Fillon outlines 12 billion austerity plan to cut deficit
France has unveiled a 12-billion-euro deficit cutting package that raises taxes on the rich and closes tax loopholes in an effort to calm jittery financial markets. Prime Minister Francois Fillon, who also revised the government's growth forecast for 2011 downwards to 1.75 per cent from 2.0 per cent, said the measures would trim next year's public deficit to 4.5 percent of GDP.
Experts have long considered that France's growth projections of two per cent this year and 2.25 the next were too optimistic. Fillon's measures were based on new forecasts of 1.75 per cent both for this year and 2012.
Earlier this month world markets were hit by rumours that France might be stripped of its top triple-A credit rating and that its banks were overexposed to the debts of weaker eurozone countries.

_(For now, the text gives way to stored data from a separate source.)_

lemma wt_codeword_quadratic:
  assumes "a \<noteq> 0"
  shows "wt (c a 0) = (CARD('a) ^ m1 - N0) * CARD('a) ^ m2"
proof -
  have "{(x, y). a * Q x + tr (0 * y) \<noteq> 0} = (UNIV - {x. Q x = 0}) \<times> (UNIV :: 'c set)"
    using assms T2.trace_0 by auto
  thus ?thesis unfolding wt_codeword using card_b T2.card_ext
    by (simp add: card_cartesian_product card_Diff_subset)
qed

lemma N0_less: "N0 < CARD('a) ^ m1"
proof -
  obtain x where "Q x \<noteq> 0" using Q_nonzero by auto
  hence "{x. Q x = 0} \<subset> (UNIV::'b set)" by auto
  thus ?thesis using card_b by (metis finite psubset_card_mono)
qed

lemma codeword_eq_0_iff: "c a b = 0 \<longleftrightarrow> a = 0 \<and> b = 0"
proof
  assume "c a b = 0"
  hence wt0: "wt (c a b) = 0" by (simp add: hamming_weight_def)
  have "CARD('a) ^ (m2 - 1) < CARD('a) ^ m2"
    using card_field_ge_2[where 'a='a] T2.n_pos by (intro power_strict_increasing) auto
  hence "b = 0" using wt0 wt_codeword_linear[of b a] by (cases "b = 0") auto
  moreover have "a = 0" using wt0 wt_codeword_quadratic[of a] N0_less \<open>b = 0\<close> by (cases "a = 0") auto
  ultimately show "a = 0 \<and> b = 0" by simp
qed (simp add: codeword_0_0)

lemma codeword_eq_iff: "c a b = c a' b' \<longleftrightarrow> a = a' \<and> b = b'"
  using codeword_eq_0_iff[of "a - a'" "b - b'"] codeword_diff[of a b a' b'] by auto

section \<open>Subcodes of \<open>C_Q\<close>\<close>

lemma card_subcode: "F.subspace K \<Longrightarrow> card K = CARD('a) ^ F.dim K"
  by (rule card_subspace[OF vector_space_fscale])

lemma dim_subcode_iff: "F.subspace K \<Longrightarrow> F.dim K = r \<longleftrightarrow> card K = CARD('a) ^ r"
  using card_field_ge_2[where 'a='a] by (simp add: card_subcode power_inject_exp)

lemma scalar_codewords_subcode:
  assumes K: "F.subspace K"
  shows "{a. c a 0 \<in> K} = (if c 1 0 \<in> K then UNIV else {0})"
proof (cases "c 1 0 \<in> K")
  case True
  have "c a 0 \<in> K" for a using F.subspace_scale[OF K True, of a] by (simp add: fscale_codeword T2.emb_0)
  thus ?thesis using True by auto
next
  case False
  have "a = 0" if "c a 0 \<in> K" for a
  proof (rule ccontr)
    assume "a \<noteq> 0"
    hence "c 1 0 = fscale (inverse a) (c a 0)" by (simp add: fscale_codeword T2.emb_0)
    thus False using F.subspace_scale[OF K that] False by simp
  qed
  moreover have "c 0 0 \<in> K" using F.subspace_0[OF K] codeword_0_0 by simp
  ultimately show ?thesis using False by auto
qed

lemma bij_betw_codeword_params:
  assumes "K \<subseteq> code_Q emb2 m2 Q"
  shows "bij_betw (\<lambda>(a, b). c a b) {(a, b). c a b \<in> K} K"
proof -
  have "K \<subseteq> (\<lambda>(a, b). c a b) ` {(a, b). c a b \<in> K}"
    using assms unfolding code_Q_eq by (auto simp: image_iff)
  thus ?thesis by (auto simp: bij_betw_def inj_on_def codeword_eq_iff)
qed

lemma real_wt_codeword:
  "real (wt (c a b)) =
     (if b \<noteq> 0 then real CARD('a) ^ m1 * (real CARD('a) ^ m2 - real CARD('a) ^ m2 / real CARD('a))
      else if a \<noteq> 0 then (real CARD('a) ^ m1 - real N0) * real CARD('a) ^ m2 else 0)"
proof -
  have "CARD('a) ^ m2 = CARD('a) * CARD('a) ^ (m2 - 1)"
    using T2.n_pos by (cases m2) auto
  hence "real (CARD('a) ^ (m2 - 1)) = real CARD('a) ^ m2 / real CARD('a)"
    by (simp flip: of_nat_power)
  moreover have "CARD('a) ^ (m2 - 1) \<le> CARD('a) ^ m2" by (simp add: power_increasing)
  ultimately show ?thesis
    using wt_codeword_linear[of b a] wt_codeword_quadratic[of a] N0_less codeword_0_0
    by (auto simp: of_nat_diff hamming_weight_def)
qed

text \<open>The codewords of \<open>K\<close> with \<open>b \<noteq> 0\<close> all have the same weight; those with \<open>b = 0\<close> are
  the multiples of \<open>Q\<close> in \<open>K\<close>.\<close>

lemma sum_wt_subcode:
  assumes K: "F.subspace K" and "K \<subseteq> code_Q emb2 m2 Q"
  defines "A \<equiv> {a. c a 0 \<in> K}"
  shows "real (\<Sum>g\<in>K. wt g) =
     (real (card K) - real (card A)) * (real CARD('a) ^ m1 * (real CARD('a) ^ m2 - real CARD('a) ^ m2 / real CARD('a)))
     + (real (card A) - 1) * ((real CARD('a) ^ m1 - real N0) * real CARD('a) ^ m2)"
proof -
  define P where "P = {(a, b). c a b \<in> K}"
  define P0 where "P0 = (\<lambda>a. (a, 0::'c)) ` A"
  define Wb where "Wb = real CARD('a) ^ m1 * (real CARD('a) ^ m2 - real CARD('a) ^ m2 / real CARD('a))"
  define W0 where "W0 = (real CARD('a) ^ m1 - real N0) * real CARD('a) ^ m2"
  have bij: "bij_betw (\<lambda>(a, b). c a b) P K"
    unfolding P_def by (rule bij_betw_codeword_params[OF assms(2)])
  have P0_P: "P0 \<subseteq> P" unfolding P0_def P_def A_def by auto
  have card_P0: "card P0 = card A" unfolding P0_def by (simp add: card_image inj_on_def)
  have "0 \<in> A" unfolding A_def using F.subspace_0[OF K] codeword_0_0 by simp
  have "real (\<Sum>g\<in>K. wt g) = (\<Sum>(a, b)\<in>P. real (wt (c a b)))"
    using sum.reindex_bij_betw[OF bij, of "\<lambda>g. real (wt g)"] by (simp add: case_prod_unfold)
  also have "\<dots> = (\<Sum>(a, b)\<in>P - P0. real (wt (c a b))) + (\<Sum>(a, b)\<in>P0. real (wt (c a b)))"
    by (rule sum.subset_diff[OF P0_P finite])
  also have "(\<Sum>(a, b)\<in>P - P0. real (wt (c a b))) = (\<Sum>_\<in>P - P0. Wb)"
    unfolding Wb_def by (rule sum.cong) (auto simp: real_wt_codeword P0_def P_def A_def)
  also have "(\<Sum>(a, b)\<in>P0. real (wt (c a b))) = (\<Sum>a\<in>A. if a \<noteq> 0 then W0 else 0)"
    unfolding P0_def W0_def by (subst sum.reindex) (auto simp: inj_on_def real_wt_codeword)
  also have "\<dots> = (\<Sum>a\<in>A - {0}. W0)"
    by (rule sum.mono_neutral_cong_right) auto
  finally have "real (\<Sum>g\<in>K. wt g) = real (card (P - P0)) * Wb + real (card (A - {0})) * W0"
    by simp
  moreover have "card (P - P0) = card K - card A"
    using card_P0 P0_P bij_betw_same_card[OF bij] by (simp add: card_Diff_subset)
  moreover have "card A \<le> card K"
    using card_mono[OF finite P0_P] card_P0 bij_betw_same_card[OF bij] by simp
  moreover have "card A \<ge> 1" using \<open>0 \<in> A\<close> by (auto simp: Suc_le_eq card_gt_0_iff)
  ultimately show ?thesis using \<open>0 \<in> A\<close> unfolding Wb_def W0_def by (simp add: of_nat_diff)
qed

definition zeros_excess :: real where
  "zeros_excess = real N0 - real CARD('a) ^ m1 / real CARD('a)"

definition supp_defect :: "nat \<Rightarrow> real" where
  "supp_defect r = zeros_excess * real CARD('a) ^ (m2 + 1) / real CARD('a) ^ r"

lemma card_supp_subcode:
  assumes K: "F.subspace K" and "K \<subseteq> code_Q emb2 m2 Q" and "F.dim K = r" and "r \<ge> 1"
  shows "real (card (supp_sub Fstar K)) =
     real CARD('a) ^ (m1 + m2) / real CARD('a) ^ r * (real CARD('a) ^ r - 1)
     - (if c 1 0 \<in> K then supp_defect r else 0)"
proof -
  define q where "q = real CARD('a)"
  define S where "S = real (card (supp_sub Fstar K))"
  have q: "q > 1" unfolding q_def by (rule real_card_gt_1)
  have card_K: "card K = CARD('a) ^ r" using card_subcode[OF K] assms(3) by simp
  have "q ^ r = q * q ^ (r - 1)" using \<open>r \<ge> 1\<close> by (cases r) auto
  hence "q ^ r / q = q ^ (r - 1)" using q by simp
  moreover have "CARD('a) ^ (r - 1) \<le> CARD('a) ^ r" by (simp add: power_increasing)
  ultimately have "real (CARD('a) ^ r - CARD('a) ^ (r - 1)) = q ^ r - q ^ r / q"
    unfolding q_def by (simp add: of_nat_diff)
  hence "S * (q ^ r - q ^ r / q) = real (\<Sum>g\<in>K. wt g)"
    using sum_hamming_weight_subspace[OF finite K card_K \<open>r \<ge> 1\<close>] unfolding S_def by simp
  also have "\<dots> = (q ^ r - (if c 1 0 \<in> K then q else 1)) * (q ^ m1 * (q ^ m2 - q ^ m2 / q))
      + ((if c 1 0 \<in> K then q else 1) - 1) * ((q ^ m1 - real N0) * q ^ m2)"
    using sum_wt_subcode[OF K assms(2)] scalar_codewords_subcode[OF K] card_K
    unfolding q_def by simp
  finally have "S * (q ^ r - q ^ r / q) = \<dots>" .
  moreover define x y z where "x = q ^ r" and "y = q ^ m1" and "z = q ^ m2"
  moreover have "x > 0" unfolding x_def using q by simp
  ultimately have "S = ((x - (if c 1 0 \<in> K then q else 1)) * (y * (z - z / q))
      + ((if c 1 0 \<in> K then q else 1) - 1) * ((y - real N0) * z)) / (x - x / q)"
    using q by (simp add: eq_divide_eq)
  also have "\<dots> = y * z / x * (x - 1) - (if c 1 0 \<in> K then (real N0 - y / q) * (z * q) / x else 0)"
    using q \<open>x > 0\<close> by (simp add: field_simps)
  finally have "S = q ^ m1 * q ^ m2 / q ^ r * (q ^ r - 1)
      - (if c 1 0 \<in> K then (real N0 - q ^ m1 / q) * (q ^ m2 * q) / q ^ r else 0)"
    unfolding x_def y_def z_def .
  thus ?thesis unfolding S_def q_def supp_defect_def zeros_excess_def by (simp add: power_add)
qed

The government insists the French financial system is not at risk, but Fillon said France had passed the "debt tolerance threshold."

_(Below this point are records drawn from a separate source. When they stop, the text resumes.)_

lemma maslov_form_graph_param:
  assumes "a \<in> A" "b \<in> A" "c \<in> A"
  shows "maslov_form (graph_param (a, b, c)) = omega a (T a) - omega b (T b) - omega c (T c)"
proof -
  have iso: "omega u v = 0" if "u \<in> A" "v \<in> A" for u v by (rule lagrangian_isotropic[OF A that])
  have T_left: "omega (T x) u = - omega u (T x)" if "u \<in> A" for x u by (rule omega_antisym)
  have "omega (T u) (T v) = 0" for u v by (rule lagrangian_isotropic[OF B T(2) T(2)])
  with assms show ?thesis
    by (simp add: maslov_form_def linear_add[OF T(1)] linear_diff[OF T(1)]
        T_left iso omega_graph_sym[of b a] omega_graph_sym[of c a] omega_graph_sym[of c b])
qed

lemma graph_param_image:
  assumes "subspace U" "subspace V" "subspace W" "U \<subseteq> A" "V \<subseteq> A" "W \<subseteq> A"
  shows "subspace (graph_param ` (U \<times> V \<times> W))" "graph_param ` (U \<times> V \<times> W) \<subseteq> A \<times> B \<times> C"
    and "dim (graph_param ` (U \<times> V \<times> W)) = dim U + dim V + dim W"
proof -
  have S: "subspace (U \<times> V \<times> W)" using assms(1-3) by (intro subspace_Times)
  then show "subspace (graph_param ` (U \<times> V \<times> W))"
    by (rule linear_subspace_image[OF linear_graph_param])
  have in_A: "a \<in> A" "b \<in> A" "c \<in> A" if "(a, b, c) \<in> U \<times> V \<times> W" for a b c
    using that assms(4-6) by auto
  show "graph_param ` (U \<times> V \<times> W) \<subseteq> A \<times> B \<times> C"
  proof (rule image_subsetI)
    fix p assume p: "p \<in> U \<times> V \<times> W"
    obtain a b c where "p = (a, b, c)" by (rule prod_cases3)
    with p show "graph_param p \<in> A \<times> B \<times> C" using in_A[of a b c] graph_param_mem[of a b c] by simp
  qed
  have "p = 0" if p: "p \<in> U \<times> V \<times> W" "graph_param p = 0" for p
  proof -
    obtain a b c where "p = (a, b, c)" by (rule prod_cases3)
    with p show "p = 0" using in_A[of a b c] graph_param_eq_0[of a b c] by simp
  qed
  then show "dim (graph_param ` (U \<times> V \<times> W)) = dim U + dim V + dim W"
    using dim_linear_image_eq[OF linear_graph_param S] assms(1-3) by (simp add: dim_Times subspace_Times)
qed

lemma maslov_form_graph_param_sign:
  assumes X: "X \<subseteq> A" "\<And>x. x \<in> X \<Longrightarrow> x \<noteq> 0 \<Longrightarrow> omega x (T x) < 0"
    and Y: "Y \<subseteq> A" "\<And>y. y \<in> Y \<Longrightarrow> y \<noteq> 0 \<Longrightarrow> omega y (T y) > 0"
  shows "p \<in> Y \<times> X \<times> X \<Longrightarrow> p \<noteq> 0 \<Longrightarrow> maslov_form (graph_param p) > 0"
    and "p \<in> X \<times> Y \<times> Y \<Longrightarrow> p \<noteq> 0 \<Longrightarrow> maslov_form (graph_param p) < 0"
proof -
  have X_le: "omega x (T x) \<le> 0" if "x \<in> X" for x
    using X(2)[OF that] linear_0[OF T(1)] by (cases "x = 0") auto
  have Y_ge: "omega y (T y) \<ge> 0" if "y \<in> Y" for y
    using Y(2)[OF that] linear_0[OF T(1)] by (cases "y = 0") auto
  show "maslov_form (graph_param p) > 0" if "p \<in> Y \<times> X \<times> X" "p \<noteq> 0"
  proof (cases p rule: prod_cases3)
    case (fields y x1 x2)
    have mem: "y \<in> Y" "x1 \<in> X" "x2 \<in> X" using that fields by auto
    have "y \<noteq> 0 \<or> x1 \<noteq> 0 \<or> x2 \<noteq> 0" using that fields by simp
    then have "0 < omega y (T y) \<or> omega x1 (T x1) < 0 \<or> omega x2 (T x2) < 0"
      using mem X(2) Y(2) by blast
    moreover have "y \<in> A" "x1 \<in> A" "x2 \<in> A" using mem X(1) Y(1) by auto
    ultimately show ?thesis
      using Y_ge[OF mem(1)] X_le[OF mem(2)] X_le[OF mem(3)]
      unfolding fields maslov_form_graph_param[OF \<open>y \<in> A\<close> \<open>x1 \<in> A\<close> \<open>x2 \<in> A\<close>]
      by (elim disjE) linarith+
  qed
  show "maslov_form (graph_param p) < 0" if "p \<in> X \<times> Y \<times> Y" "p \<noteq> 0"
  proof (cases p rule: prod_cases3)
    case (fields x y1 y2)
    have mem: "x \<in> X" "y1 \<in> Y" "y2 \<in> Y" using that fields by auto
    have "x \<noteq> 0 \<or> y1 \<noteq> 0 \<or> y2 \<noteq> 0" using that fields by simp
    then have "omega x (T x) < 0 \<or> 0 < omega y1 (T y1) \<or> 0 < omega y2 (T y2)"
      using mem X(2) Y(2) by blast
    moreover have "x \<in> A" "y1 \<in> A" "y2 \<in> A" using mem X(1) Y(1) by auto
    ultimately show ?thesis
      using X_le[OF mem(1)] Y_ge[OF mem(2)] Y_ge[OF mem(3)]
      unfolding fields maslov_form_graph_param[OF \<open>x \<in> A\<close> \<open>y1 \<in> A\<close> \<open>y2 \<in> A\<close>]
      by (elim disjE) linarith+
  qed
qed

lemma maslov_eq_dim_diff:
  assumes X: "subspace X" "X \<subseteq> A" "\<And>x. x \<in> X \<Longrightarrow> x \<noteq> 0 \<Longrightarrow> omega x (T x) < 0"
    and Y: "subspace Y" "Y \<subseteq> A" "\<And>y. y \<in> Y \<Longrightarrow> y \<noteq> 0 \<Longrightarrow> omega y (T y) > 0"
    and dim: "dim X + dim Y = CARD('n)"
  shows "maslov A B C = int (dim X) - int (dim Y)"
proof -
  note pos = maslov_form_graph_param_sign(1)[OF X(2,3) Y(2,3)]
  note neg = maslov_form_graph_param_sign(2)[OF X(2,3) Y(2,3)]
  let ?P = "graph_param ` (Y \<times> X \<times> X)" and ?N = "graph_param ` (X \<times> Y \<times> Y)"
  note P = graph_param_image[OF Y(1) X(1) X(1) Y(2) X(2) X(2)]
  note N = graph_param_image[OF X(1) Y(1) Y(1) X(2) Y(2) Y(2)]
  have param_0: "graph_param 0 = 0" by (rule linear_0[OF linear_graph_param])
  have "quad_signature maslov_form (A \<times> B \<times> C) = int (dim ?P) - int (dim ?N)"
  proof (rule quad_signature_eqI[OF _ P(1,2) _ N(1,2)])
    show "subspace (A \<times> B \<times> C)" using A B C by (intro subspace_Times lagrangian_subspace)
    show "\<forall>q\<in>?P. q \<noteq> 0 \<longrightarrow> maslov_form q > 0" using pos param_0 by fastforce
    show "\<forall>q\<in>?N. q \<noteq> 0 \<longrightarrow> maslov_form q < 0" using neg param_0 by fastforce
    show "dim ?P + dim ?N = dim (A \<times> B \<times> C)"
      using P(3) N(3) dim A B C by (simp add: dim_Times lagrangian_subspace lagrangian_dim subspace_Times)
  qed
  then show ?thesis using P(3) N(3) by (simp add: maslov_eq_quad_signature)
qed

end

lemma maslov_eq_card_iff:
  fixes A B C :: "'n::finite sympl set"
  assumes A: "A \<in> lagrangians" and B: "B \<in> lagrangians" and C: "C \<in> lagrangians"
    and AB: "A \<inter> B = {0}" and BC: "B \<inter> C = {0}" and AC: "A \<inter> C = {0}"
  shows "maslov A B C = int CARD('n) \<longleftrightarrow> negative_triple A B C"
proof -
  obtain T where T: "linear T" "\<And>x. T x \<in> B" "\<And>x. x + T x \<in> C"
    and T_unique: "\<And>x y. y \<in> B \<Longrightarrow> x + y \<in> C \<Longrightarrow> y = T x"
    using transverse_graph_map[OF B C BC] by blast
  note graph = A B C AB AC T
  have neg_iff: "negative_triple A B C \<longleftrightarrow> (\<forall>x\<in>A. x \<noteq> 0 \<longrightarrow> omega x (T x) < 0)"
    unfolding negative_triple_def using T T_unique by metis
  define \<beta> where "\<beta> x y = omega x (T y)" for x y
  have "bilinear \<beta>"
    unfolding bilinear_def \<beta>_def
    by (intro allI conjI linearI) (simp_all add: linear_add[OF T(1)] linear_scale[OF T(1)])
  moreover have "\<beta> x y = \<beta> y x" if "x \<in> A" "y \<in> A" for x y
    using omega_graph_sym[OF graph that] by (simp add: \<beta>_def)
  moreover have "y = 0" if y: "y \<in> A" "\<forall>x\<in>A. \<beta> x y = 0" for y
  proof -
    have "omega y b = 0" if "b \<in> B" for b
    proof -
      obtain x where "x \<in> A" "b = T x" using \<open>b \<in> B\<close> graph_map_image[OF graph] by blast
      then show ?thesis using y omega_graph_sym[OF graph, of x y] by (simp add: \<beta>_def)
    qed
    then show ?thesis using lagrangian_maximal[OF B] y(1) AB by blast
  qed
  ultimately obtain X Y where X: "subspace X" "X \<subseteq> A" "\<forall>x\<in>X. x \<noteq> 0 \<longrightarrow> \<beta> x x < 0"
    and Y: "subspace Y" "Y \<subseteq> A" "\<forall>y\<in>Y. y \<noteq> 0 \<longrightarrow> \<beta> y y > 0"
    and dim: "dim X + dim Y = dim A"
    by (rule sylvester_decomposition[OF _ lagrangian_subspace[OF A]])
  have index: "maslov A B C = int (dim X) - int (dim Y)"
    using X Y dim lagrangian_dim[OF A] by (intro maslov_eq_dim_diff[OF graph]) (auto simp: \<beta>_def)
  show ?thesis
  proof
    assume "maslov A B C = int CARD('n)"
    then have "dim A \<le> dim X" using index dim lagrangian_dim[OF A] by simp
    then have "X = A" using subspace_dim_equal[OF X(1) lagrangian_subspace[OF A] X(2)] by simp
    with X(3) neg_iff show "negative_triple A B C" by (simp add: \<beta>_def)
  next
    assume "negative_triple A B C"
    then have "maslov A B C = int (dim A) - int (dim {0::'n sympl})"
      using neg_iff lagrangian_dim[OF A] lagrangian_subspace[OF A]
      by (intro maslov_eq_dim_diff[OF graph]) (auto simp: subspace_single_0 subspace_0)
    then show "maslov A B C = int CARD('n)" using lagrangian_dim[OF A] by simp
  qed
qed

lemma maslov_eq_neg_card_imp:
  fixes A B C :: "'n::finite sympl set"
  assumes A: "A \<in> lagrangians" and B: "B \<in> lagrangians" and C: "C \<in> lagrangians"
    and AB: "A \<inter> B = {0}" and BC: "B \<inter> C = {0}" and AC: "A \<inter> C = {0}"
    and m: "maslov A B C = - int CARD('n)"
    and xy: "x \<in> A" "y \<in> B" "x + y \<in> C" "x \<noteq> 0"
  shows "omega x y > 0"
proof -
  have "maslov C B A = int CARD('n)" using maslov_antisym[of A B C] m by simp
  then have neg: "negative_triple C B A"
    using maslov_eq_card_iff[OF C B A] AB BC AC by (simp add: Int_commute)
  have "x + y \<noteq> 0"
  proof
    assume "x + y = 0"
    then have "x = - y" by (simp add: eq_neg_iff_add_eq_0)
    then have "x \<in> B" using xy(2) lagrangian_subspace[OF B] by (simp add: subspace_neg)
    then show False using xy(1,4) AB by auto
  qed
  moreover have "- y \<in> B" using xy(2) lagrangian_subspace[OF B] by (simp add: subspace_neg)
  moreover have "(x + y) + - y \<in> A" using xy(1) by simp
  ultimately have "omega (x + y) (- y) < 0"
    using neg xy(3) unfolding negative_triple_def by blast
  then show ?thesis by simp
qed

section \<open>The quadratic form of a transverse pair\<close>

definition pair_form :: "'n::finite sympl set \<Rightarrow> 'n sympl set \<Rightarrow> 'n sympl \<Rightarrow> real" where
  "pair_form N C y = omega (proj_along N C y) y"

context
  fixes N C :: "'n::finite sympl set"
  assumes N: "N \<in> lagrangians" and C: "C \<in> lagrangians" and NC: "N \<inter> C = {0}"
begin

lemma proj_along_lagrangian_mem: "proj_along N C y \<in> N" "y - proj_along N C y \<in> C"
  using proj_along_mem[OF complementary_lagrangians[OF N C NC]] by auto

lemma linear_proj_along_lagrangian: "linear (proj_along N C)"
  by (rule linear_proj_along[OF complementary_lagrangians[OF N C NC]])

lemma proj_along_lagrangian_id: "x \<in> N \<Longrightarrow> proj_along N C x = x"
  using proj_along_unique[OF complementary_lagrangians[OF N C NC]] lagrangian_0[OF C] by simp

The prime minister stressed his package would allow France to reduce its public deficit to 4.5 per cent by the end of next year. He has already vowed to hit the eurozone target of three percent by 2013.
France is set to cut one billion more euros than planned from public spending this year, and 11 billion in 2012 despite President Nicolas Sarkozy's impending re-election battle in April.
In addition, a exceptional three per cent tax will be slapped on incomes over 500,000 euros annually until the three per cent deficit target is met.
On Tuesday, 16 of France's richest people, including the heiress to the L'Oreal cosmetics firm Liliane Bettencourt, issued a public letter saying they were
willing to chip in to help stabilise the country's finances.
Opposition parties have sharply criticised the new measures with the Socialist Party claiming they would erode services and reduce purchasing power while belittling the "micro-tax for the mega-rich."
The country's main employer's association, Medef, also criticised the measures as "unbalanced" and warned they would damage the competitiveness of French companies by increasing their costs.
In a surprise move, consumers will also feel the pinch with a rise in taxes on tobacco, alcohol, sugared drinks and theme park tickets. Receipts will supplement the social security budget, which is in deep deficit.
Supplementary health insurance policies are also to be taxed at a higher rate.
Fillon said the government would also move to harmonise its tax treatment of deferred losses by companies with that of neighbouring Germany.